Si Gwenaëlle Aubry a fait, de ce parcours initiatique d’une figure à l’autre, le fil rouge de son livre, c’est que chacune de ces sculptures code, déplace, explore les méandres d’une âme torturée, donne forme à la matière noire d’une enfance traumatisante et à la violence des démons qui habitaient Niki de Saint Phalle. Née à New York, en 1930, dans une famille de banquiers aristocrates, Catherine Marie-Agnès de Saint Phalle était promise à un avenir américain « luxueux et mortifère » – elle a d’ailleurs était mannequin de 17 à 25 ans. Mais violée, à 11 ans par son père, et maltraitée par sa mère, qui l’appelait Niki, elle s’enfuira avec Harry Mathews, épousé en 1950. Un « homme-socle » (qui deviendra, et sera longtemps l’unique membre américain de l’Oulipo) avec lequel elle vivra à Paris, à Nice, en Espagne, et à qui elle donnera deux enfants. Mais derrière la femme extravagante et théâtrale se cache une femme qui souffre et sombrera dans la dépression, tentera de se tuer, sera internée, subira des électrochocs. C’est à l’hôpital psychiatrique qu’elle découvrira l’art et se mettra à peindre.
Commence alors une nouvelle vie. Abandonnant mari et enfant – « La famille est une arène où l’on s’entredévore. » –, elle élit une autre sorte de famille, faite de morts et d’éternels, d’oiseaux-soleils, de dieux égyptiens, de déesses grecques. Toute une généalogie magique qu’elle croit retrouver auprès des naïfs, des fous, de l’art des hors-la-loi comme le Douanier Rousseau, Gaudí, le facteur Cheval ou Jean Tinguely, qui deviendra l’allié, le rival, l’amant, « l’indéfectible compagnon de jeu », et bientôt le mari. Le jeu a été leur grand lien vital, et leur première-née, Hon, « Elle » en suédois, verra le jour à Stockholm, en 1966, sous la forme d’une Nana-cathédrale de 30 mètres de long occupée à l’intérieur par les machines déglinguées, inutiles et toujours en mouvement, de Tinguely, qui se disait poète ou encore « bricoleur superlouche ». Trente ans durant ils travailleront propulsés par l’enfance, ses ritournelles et ses maquettes pour lui – il se contente d’en modifier l’échelle –, ses fêlures et son saccage – qu’elle transforme en révolte et en rire – pour elle. « Tout ce qu’elle fait reste enfantin », disait d’elle Tinguely, « elle reste un artiste primitif. »

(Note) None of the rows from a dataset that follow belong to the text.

(* Let $m\ge1$, let $\vartheta=\vartheta_m$ be the degree-$m$ random metallic mean substitution, $\mathcal{S}_m=\{a^iba^{m-i}\mid0\le i\le m\}$, $p\ge0$, and $u$ a finite word over $\{a,b\}$. If the set $\vartheta^p(a)\,u\,\mathcal{S}_m$ contains a $\vartheta$-legal word, then for every $0\le j\le m$ the set $\vartheta^p(a)\,\vartheta(u)\,(\vartheta(b))^j\,\mathcal{S}_m$ contains a $\vartheta$-legal word.
   Context: The degree-$m$ random metallic mean substitution is $\vartheta_m\colon a\mapsto\{a^iba^{m-i}\mid0\le i\le m\},\ b\mapsto\{a\}$ (for $m=1$ this is the random Fibonacci substitution $a\mapsto\{ab,ba\}, b\mapsto\{a\}$). It is extended to words by set concatenation $\vartheta(w_1\cdots w_k)=\vartheta(w_1)\cdots\vartheta(w_k)$ with $AB=\{xy\mid x\in A,y\in B\}$ (single words identified with singletons), and to sets by unions; $\vartheta^p$ is the $p$-fold iterate, $\vartheta^0(a)=\{a\}$; for a set $A$, $A^0=\{\text{empty word}\}$ and $A^j$ is the $j$-fold set concatenation. A word is $\vartheta$-legal if it is a subword of some word in $\vartheta^k(x)$ for some $k\ge0$ and letter $x$. *)

theory Defs
  imports Main "HOL-Library.Sublist"
begin

datatype letter = a | b

type_synonym word = "letter list"

definition setcat :: "word set \<Rightarrow> word set \<Rightarrow> word set" where
  "setcat X Y = {x @ y | x y. x \<in> X \<and> y \<in> Y}"

fun setpow :: "word set \<Rightarrow> nat \<Rightarrow> word set" where
  "setpow X 0 = {[]}"
| "setpow X (Suc j) = setcat X (setpow X j)"

definition metallicS :: "nat \<Rightarrow> word set" where
  "metallicS m = {replicate i a @ [b] @ replicate (m - i) a | i. i \<le> m}"

fun theta :: "nat \<Rightarrow> letter \<Rightarrow> word set" where
  "theta m a = metallicS m"
| "theta m b = {[a]}"

fun subst_word :: "(letter \<Rightarrow> word set) \<Rightarrow> word \<Rightarrow> word set" where
  "subst_word \<sigma> [] = {[]}"
| "subst_word \<sigma> (x # w) = setcat (\<sigma> x) (subst_word \<sigma> w)"

definition subst_set :: "(letter \<Rightarrow> word set) \<Rightarrow> word set \<Rightarrow> word set" where
  "subst_set \<sigma> W = (\<Union>w\<in>W. subst_word \<sigma> w)"

definition subst_iter :: "(letter \<Rightarrow> word set) \<Rightarrow> nat \<Rightarrow> word set \<Rightarrow> word set" where
  "subst_iter \<sigma> p W = (subst_set \<sigma> ^^ p) W"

Libre, non chronologique et non prévisible, le livre de Gwenaëlle Aubry est une sorte de kaléidoscope narratif. On va, on vient dans l’espace et le temps, et dans une œuvre dont les débuts sont marqués par le rite et par une pratique : le tir. Saint Phalle appelait ça « peindre à la carabine », « faire saigner la peinture ». En combinaison blanche, elle tire sur des tableaux-cibles recouverts de plâtre cachant des poches de peinture et d’autres objets. Un rite mêlant destruction et création, virginité et souillure, violence et jeu, sortilèges et liturgie. À cette violence rageuse et profanatoire, à ces rites de conjuration qui passent par des Accouchées et des Mariées, succéderont les Nanas, vastes, excessives, impénétrables, et plus tard les Skinnies filiformes. Une œuvre visant à conquérir les privilèges des hommes tout en gardant ceux de la féminité.

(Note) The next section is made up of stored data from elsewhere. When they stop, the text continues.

(* Let $A$ be an essential Banach algebra and $X$ a Banach $A$-bimodule. Then for all integers $n\geq 3$, $Mul_{n-1}(A,X)=Mul_{n}(A,X)$. In particular $Mul_{2}(A,X)=Mul_{n}(A,X)$ for all $n\geq 2$.
   Context: A Banach algebra $A$ is essential if $\overline{A^2}=A$, where $A^2=\mathrm{span}\{ab:a,b\in A\}$. For $n\ge 2$, a bounded linear map $T:A\to X$ is an $n$-multiplier if $T(a_1\cdots a_n)=a_1\cdot T(a_2\cdots a_n)=T(a_1\cdots a_{n-1})\cdot a_n$ for all $a_i\in A$; $Mul_n(A,X)$ is the set of all $n$-multipliers from $A$ into $X$. *)

theory Defs
  imports "HOL-Analysis.Analysis"
begin

fun prodl :: "'a::semigroup_mult list \<Rightarrow> 'a" where
  "prodl [] = undefined"
| "prodl [x] = x"
| "prodl (x # y # xs) = x * prodl (y # xs)"

definition essential :: "'a::{real_normed_algebra,banach} itself \<Rightarrow> bool" where
  "essential _ \<longleftrightarrow> closure (span {a * b | a b :: 'a. True}) = UNIV"

definition banach_bimodule ::
  "('a::{real_normed_algebra,banach} \<Rightarrow> 'x::banach \<Rightarrow> 'x) \<Rightarrow> ('x \<Rightarrow> 'a \<Rightarrow> 'x) \<Rightarrow> bool" where
  "banach_bimodule lm rm \<longleftrightarrow>
     bounded_bilinear lm \<and> bounded_bilinear rm \<and>
     (\<forall>a b x. lm (a * b) x = lm a (lm b x)) \<and>
     (\<forall>a b x. rm x (a * b) = rm (rm x a) b) \<and>
     (\<forall>a b x. rm (lm a x) b = lm a (rm x b))"

definition Mul ::
  "nat \<Rightarrow> ('a::{real_normed_algebra,banach} \<Rightarrow> 'x::banach \<Rightarrow> 'x) \<Rightarrow> ('x \<Rightarrow> 'a \<Rightarrow> 'x)
    \<Rightarrow> ('a \<Rightarrow> 'x) set" where
  "Mul n lm rm = {T. bounded_linear T \<and>
     (\<forall>a as. length as = n - 1 \<longrightarrow> T (prodl (a # as)) = lm a (T (prodl as))) \<and>
     (\<forall>as b. length as = n - 1 \<longrightarrow> T (prodl (as @ [b])) = rm (T (prodl as)) b)}"

end

theory Submission
  imports Defs
begin

(*
  Raising, Mul m <= Mul (m+1), needs no hypothesis on A: any product of m+1
  factors is also a product of m factors (merge two adjacent factors that
  are not involved in the multiplier identity), so the identities for m
  factors already give those for m+1 factors.

  Lowering, Mul (m+1) <= Mul m, uses essentiality. Fixing all but the last
  (resp. first) factor, the defect T(a a_2...a_m) - a.T(a_2...a_m) is a
  bounded linear function of that factor which vanishes on products c*d,
  since replacing it by c,d gives an identity for m+1 factors. A bounded
  linear map vanishing on all products vanishes on the closed span of the
  products, which is all of A.
*)

lemma prodl_append_two:
  "prodl (xs @ [c, d]) = prodl (xs @ [c * (d::'a::semigroup_mult)])"
  by (induction xs rule: prodl.induct) simp_all

lemma prodl_Cons_two:
  "prodl (c # d # xs) = prodl ((c * (d::'a::semigroup_mult)) # xs)"
  by (cases xs) (simp_all add: mult.assoc)

lemma prodl_snoc:
  "prodl (ys @ [x]) = (if ys = [] then x else prodl ys * (x::'a::semigroup_mult))"
  by (induction ys rule: prodl.induct) (simp_all add: mult.assoc)

lemma prodl_Cons:
  "prodl (x # ys) = (if ys = [] then x else (x::'a::semigroup_mult) * prodl ys)"
  by (cases ys) simp_all

lemma bounded_linear_prodl_last:
  "bounded_linear (\<lambda>x. prodl (ys @ [x::'a::real_normed_algebra]))"
  unfolding prodl_snoc
  by (cases "ys = []") (auto intro: bounded_linear_ident bounded_linear_mult_right)

lemma bounded_linear_prodl_first:
  "bounded_linear (\<lambda>x. prodl ((x::'a::real_normed_algebra) # ys))"
  unfolding prodl_Cons
  by (cases "ys = []") (auto intro: bounded_linear_ident bounded_linear_mult_left)

text \<open>The kernel of a bounded linear map is a closed subspace, so it contains
  the closed span of every set on which the map vanishes.\<close>

lemma bounded_linear_zero_on_closure_span:
  assumes "bounded_linear f" and "\<And>x. x \<in> S \<Longrightarrow> f x = 0" and "y \<in> closure (span S)"
  shows "f y = 0"
proof -
  interpret f: bounded_linear f by fact
  have "subspace {x. f x = 0}"
    unfolding subspace_def by (simp add: f.add f.scaleR f.zero)
  with assms(2) have "span S \<subseteq> {x. f x = 0}"
    by (intro span_minimal) auto
  moreover have "closed {x. f x = 0}"
    by (intro closed_Collect_eq continuous_intros f.continuous_on)
  ultimately have "closure (span S) \<subseteq> {x. f x = 0}"
    by (rule closure_minimal)
  with assms(3) show ?thesis by auto
qed

lemma essential_bounded_linear_eq_zero:
  fixes f :: "'a::{real_normed_algebra,banach} \<Rightarrow> 'x::real_normed_vector"
  assumes "essential TYPE('a)" and "bounded_linear f" and "\<And>c d. f (c * d) = 0"
  shows "f y = 0"
  using bounded_linear_zero_on_closure_span[OF assms(2), of "{a * b | a b :: 'a. True}" y]
    assms(1,3)
  unfolding essential_def by auto

text \<open>Every m-multiplier is an (m+1)-multiplier, for any actions whatsoever:
  two adjacent factors away from the acting one are merged.\<close>

lemma Mul_imp_Mul_Suc:
  assumes "m \<ge> 2" and "T \<in> Mul m lm rm"
  shows "T \<in> Mul (Suc m) lm rm"
proof -
  have lin: "bounded_linear T"
    and left: "\<And>a as. length as = m - 1 \<Longrightarrow> T (prodl (a # as)) = lm a (T (prodl as))"
    and right: "\<And>as b. length as = m - 1 \<Longrightarrow> T (prodl (as @ [b])) = rm (T (prodl as)) b"
    using assms(2) unfolding Mul_def by auto
  have "T (prodl (a # as)) = lm a (T (prodl as))" if "length as = m" for a as
  proof -
    from that assms(1) obtain bs c d where as: "as = bs @ [c, d]"
      by (cases as rule: rev_cases; cases "butlast as" rule: rev_cases) auto
    have "T (prodl (a # as)) = T (prodl (a # bs @ [c * d]))"
      using prodl_append_two[of "a # bs" c d] by (simp add: as)
    also have "\<dots> = lm a (T (prodl (bs @ [c * d])))"
      using left[of "bs @ [c * d]" a] that as by simp
    also have "\<dots> = lm a (T (prodl as))"
      by (simp add: as prodl_append_two)
    finally show ?thesis .
  qed
  moreover have "T (prodl (as @ [b])) = rm (T (prodl as)) b" if "length as = m" for as b
  proof -
    from that assms(1) obtain cs c d where as: "as = c # d # cs"
      by (cases as; cases "tl as") auto
    have "T (prodl (as @ [b])) = T (prodl ((c * d) # cs @ [b]))"
      using prodl_Cons_two[of c d "cs @ [b]"] by (simp only: as append_Cons)
    also have "\<dots> = rm (T (prodl ((c * d) # cs))) b"
      using right[of "(c * d) # cs" b] that as by simp
    also have "\<dots> = rm (T (prodl as)) b"
      using prodl_Cons_two[of c d cs] by (simp only: as)
    finally show ?thesis .
  qed
  ultimately show ?thesis
    unfolding Mul_def using lin by auto
qed

text \<open>Conversely, over an essential algebra with bounded bilinear actions every
  (m+1)-multiplier is an m-multiplier: the defect of each identity is a bounded
  linear function of the outermost free factor that vanishes on products.\<close>

lemma Mul_Suc_imp_Mul:
  fixes lm :: "'a::{real_normed_algebra,banach} \<Rightarrow> 'x::banach \<Rightarrow> 'x"
  assumes ess: "essential TYPE('a)"
    and lm: "bounded_bilinear lm" and rm: "bounded_bilinear rm"
    and "m \<ge> 2" and "T \<in> Mul (Suc m) lm rm"
  shows "T \<in> Mul m lm rm"
proof -
  have lin: "bounded_linear T"
    and left: "\<And>a as. length as = m \<Longrightarrow> T (prodl (a # as)) = lm a (T (prodl as))"
    and right: "\<And>as b. length as = m \<Longrightarrow> T (prodl (as @ [b])) = rm (T (prodl as)) b"
    using assms(5) unfolding Mul_def by auto
  have "T (prodl (a # as)) = lm a (T (prodl as))" if "length as = m - 1" for a as
  proof -
    from that assms(4) obtain bs x where as: "as = bs @ [x]"
      by (cases as rule: rev_cases) auto
    define defect where
      "defect y = T (prodl ((a # bs) @ [y])) - lm a (T (prodl (bs @ [y])))" for y
    have "bounded_linear defect"
      unfolding defect_def
      by (intro bounded_linear_sub bounded_linear_compose[OF lin] bounded_linear_prodl_last
          bounded_linear_compose[OF bounded_bilinear.bounded_linear_right[OF lm]])
    moreover have "defect (c * d) = 0" for c d
      using left[of "bs @ [c, d]" a] that as
      by (simp add: defect_def prodl_append_two flip: prodl_append_two[of "a # bs", simplified])
    ultimately have "defect x = 0"
      using essential_bounded_linear_eq_zero[OF ess] by blast
    then show ?thesis by (simp add: defect_def as)
  qed
  moreover have "T (prodl (as @ [b])) = rm (T (prodl as)) b" if "length as = m - 1" for as b
  proof -
    from that assms(4) obtain cs x where as: "as = x # cs"
      by (cases as) auto
    define defect where
      "defect y = T (prodl (y # cs @ [b])) - rm (T (prodl (y # cs))) b" for y
    have "bounded_linear defect"
      unfolding defect_def
      by (intro bounded_linear_sub bounded_linear_compose[OF lin] bounded_linear_prodl_first
          bounded_linear_compose[OF bounded_bilinear.bounded_linear_left[OF rm]])
    moreover have "defect (c * d) = 0" for c d
      using right[of "c # d # cs" b] that as prodl_Cons_two[of c d "cs @ [b]"]
        prodl_Cons_two[of c d cs]
      by (simp add: defect_def)
    ultimately have "defect x = 0"
      using essential_bounded_linear_eq_zero[OF ess] by blast
    then show ?thesis by (simp add: defect_def as)
  qed
  ultimately show ?thesis
    unfolding Mul_def using lin by auto
qed

text \<open>Hence multipliers of consecutive orders m, m+1 coincide for m >= 2; the
  bimodule axioms are only needed for the boundedness of the two actions.\<close>

lemma Mul_eq_Mul_Suc:
  assumes "essential TYPE('a::{real_normed_algebra,banach})"
    and "banach_bimodule (lm :: 'a \<Rightarrow> 'x::banach \<Rightarrow> 'x) rm" and "m \<ge> 2"
  shows "Mul m lm rm = Mul (Suc m) lm rm"
  using Mul_imp_Mul_Suc[OF assms(3)] Mul_Suc_imp_Mul[OF assms(1) _ _ assms(3)] assms(2)
  unfolding banach_bimodule_def by blast

theorem theorem2p4:
  fixes lm :: "'a::{real_normed_algebra,banach} \<Rightarrow> 'x::banach \<Rightarrow> 'x"
    and rm :: "'x \<Rightarrow> 'a \<Rightarrow> 'x"
  assumes "essential TYPE('a)"
    and "banach_bimodule lm rm"
  shows "(\<forall>n::nat. n \<ge> 3 \<longrightarrow> Mul (n - 1) lm rm = Mul n lm rm)
       \<and> (\<forall>n::nat. n \<ge> 2 \<longrightarrow> Mul 2 lm rm = Mul n lm rm)"
proof -
  have consecutive: "Mul m lm rm = Mul (Suc m) lm rm" if "m \<ge> 2" for m
    using Mul_eq_Mul_Suc[OF assms that] .
  have "Mul 2 lm rm = Mul n lm rm" if "n \<ge> 2" for n
    using that
  proof (induction n rule: dec_induct)
    case (step k)
    then show ?case using consecutive[of k] by simp
  qed simp
  moreover have "Mul (n - 1) lm rm = Mul n lm rm" if "n \<ge> 3" for n
    using consecutive[of "n - 1"] that by (simp add: Suc_diff_1)
  ultimately show ?thesis by blast
qed

end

Être tout, vouloir tout, Niki de Saint Phalle créait pour se recréer. Dans son livre, Gwenaëlle Aubry joue au tarot avec elle, tout en cherchant l’enfance et l’ailleurs, « sûre que Saint Phalle en détenait les clefs ». À juste titre et avec bonheur.

Richard Blin 

Saint Phalle. Monter en enfance
Gwenaëlle Aubry
Stock, 288 pages, 20

Une traversée du miroir Par Richard Blin
Le Matricule des Anges n°227 , octobre 2021.